In response, Minister Simon Harris spoke of the continuing job investment in the city and also in higher education, which is his portfolio.

But turning his attention to traffic congestion, he accepted that there were “real issues” when it came to transport, mobility and accessibility around Galway.

“We share the view that we need a Park & Ride facility and I understand there are also Bus Connects plans.

“I also suggest that the City Council reflect on her comments. I am proud to be in a Government that is providing unparalleled levels of investment to local authorities and unparalleled opportunities for local authorities to draw down,” he said.

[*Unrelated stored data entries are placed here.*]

lemma layer_mat_pair:
  assumes "0 < d" "finite S"
  shows "layer_mat d (Suc (Suc m)) (insert 0 ((\<lambda>s. Suc (Suc s)) ` S)) g
       = kron (d\<^sup>2) (d ^ m) (gate_local d (g 0)) (layer_mat d m S (\<lambda>s. g (Suc (Suc s))))"
proof (intro ext)
  fix x y
  have pow: "d ^ Suc (Suc m) = d\<^sup>2 * d ^ m" by (simp add: power2_eq_square)
  have d2: "0 < d\<^sup>2" using assms(1) by simp
  show "layer_mat d (Suc (Suc m)) (insert 0 ((\<lambda>s. Suc (Suc s)) ` S)) g x y
      = kron (d\<^sup>2) (d ^ m) (gate_local d (g 0)) (layer_mat d m S (\<lambda>s. g (Suc (Suc s)))) x y"
  proof (cases "x < d\<^sup>2 * d ^ m \<and> y < d\<^sup>2 * d ^ m")
    case True
    have gates: "(\<Prod>s\<in>insert 0 ((\<lambda>s. Suc (Suc s)) ` S). g s (pair_idx d s x) (pair_idx d s y))
        = g 0 (pair_idx d 0 x) (pair_idx d 0 y) *
          (\<Prod>s\<in>S. g (Suc (Suc s)) (pair_idx d s (x div d\<^sup>2)) (pair_idx d s (y div d\<^sup>2)))"
      using assms(2) by (subst prod.insert) (auto simp: prod.reindex pair_idx_Suc_Suc inj_on_def)
    have idle: "(\<Prod>k\<in>uncovered (Suc (Suc m)) (insert 0 ((\<lambda>s. Suc (Suc s)) ` S)).
                   if dig d k x = dig d k y then 1 else 0)
        = (\<Prod>k\<in>uncovered m S. if dig d k (x div d\<^sup>2) = dig d k (y div d\<^sup>2) then 1 else (0::complex))"
      by (simp add: uncovered_pair prod.reindex inj_on_def dig_Suc_Suc)
    show ?thesis
      unfolding layer_mat_uncovered pow
      using True mod_div_less[OF d2, of x "d ^ m"] mod_div_less[OF d2, of y "d ^ m"]
      by (simp add: kron_def gate_local_def pair_idx_0_mod gates idle)
  next
    case False
    moreover from False have "\<not> (x < d ^ Suc (Suc m) \<and> y < d ^ Suc (Suc m))"
      by (simp only: pow not_False_eq_True)
    ultimately show ?thesis by (metis layer_mat_out kron_out)
  qed
qed

lemma layer_mat_mmul:
  assumes "0 < d" "valid_layer n S"
  shows "mmul (d ^ n) (layer_mat d n S g) (layer_mat d n S h)
       = layer_mat d n S (\<lambda>s. mmul (d\<^sup>2) (g s) (h s))"
  using assms(2)
proof (induction n S arbitrary: g h rule: valid_layer_induct)
  case empty
  then show ?case by (simp add: layer_mat_0 mmul_idm_left zero_outside_idm)
next
  case (skip m S)
  then show ?case
    using assms(1) by (simp add: layer_mat_Suc mmul_kron mmul_idm_left zero_outside_idm)
next
  case (pair m S)
  have "d ^ Suc (Suc m) = d\<^sup>2 * d ^ m" by (simp add: power2_eq_square)
  then show ?case
    using assms(1) pair valid_layer_finite[OF pair(1)]
    by (simp only: layer_mat_pair mmul_kron mmul_gate_local zero_less_power)
qed

lemma layer_mat_idm:
  assumes "0 < d" "valid_layer n S"
  shows "layer_mat d n S (\<lambda>_. idm (d\<^sup>2)) = idm (d ^ n)"
  using assms(2)
proof (induction n S rule: valid_layer_induct)
  case empty
  then show ?case by (simp add: layer_mat_0)
next
  case (skip m S)
  then show ?case using assms(1) by (simp add: layer_mat_Suc kron_idm)
next
  case (pair m S)
  have "d ^ Suc (Suc m) = d\<^sup>2 * d ^ m" by (simp add: power2_eq_square)
  then show ?case
    using assms(1) pair valid_layer_finite[OF pair(1)]
    by (simp only: layer_mat_pair gate_local_idm kron_idm zero_less_power)
qed
theorem mainTheorem10:
  fixes \<Gamma> :: "fm set" and \<phi> :: fm
  assumes "VC_conseq \<Gamma> \<phi>"
  shows "VC_derivable \<Gamma> \<phi>"
proof (rule ccontr)
  assume "\<not> VC_derivable \<Gamma> \<phi>"
  then have open_branch: "\<not> closes \<Gamma> \<phi> {}"
    by (simp add: VC_derivable_def)
  interpret vc_hintikka "open_limit \<Gamma> \<phi>"
    using vc_hintikka_open_limit[OF open_branch] .
  have "1 \<in> idx (open_limit \<Gamma> \<phi>)"
    using open_limit_contains_assumptions(1)[OF open_branch] by blast
  then obtain x where "VC_model canonical_model" "x \<in> dom canonical_model"
    and sat: "\<And>c. holds 1 c \<Longrightarrow> sat canonical_model c x"
    using index_satisfiable by blast
  moreover have "\<forall>\<psi>\<in>\<Gamma>. sat canonical_model \<psi> x"
    using sat open_limit_contains_assumptions(2)[OF open_branch] by blast
  moreover have "\<not> sat canonical_model \<phi> x"
    using sat open_limit_contains_assumptions(1)[OF open_branch] by fastforce
  ultimately show False
    using assms unfolding VC_conseq_def by blast
qed

end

Then Minister Harris referred to the controversial Galway City Outer Ring Road which he said was “struck down by An Bord Pleanála”, despite a lot of energy having been put into that project.

However, Deputy Connolly picked up on this and pointed out that An Bord Pleanála did not say ‘No’ to the ring road.

“The High Court said ‘No’ to the ring road because An Bord Pleanála acknowledged it failed utterly to consider climate change and our climate change obligations.

“That tells us something about An Bord Pleanála and the management that submitted such a plan.”

In the end, Minister Harris agreed that there needed to be a masterplan for Galway City.

“I suggest it is for the local authority to come up with a vision and then work with the Government to try to fund and implement that.”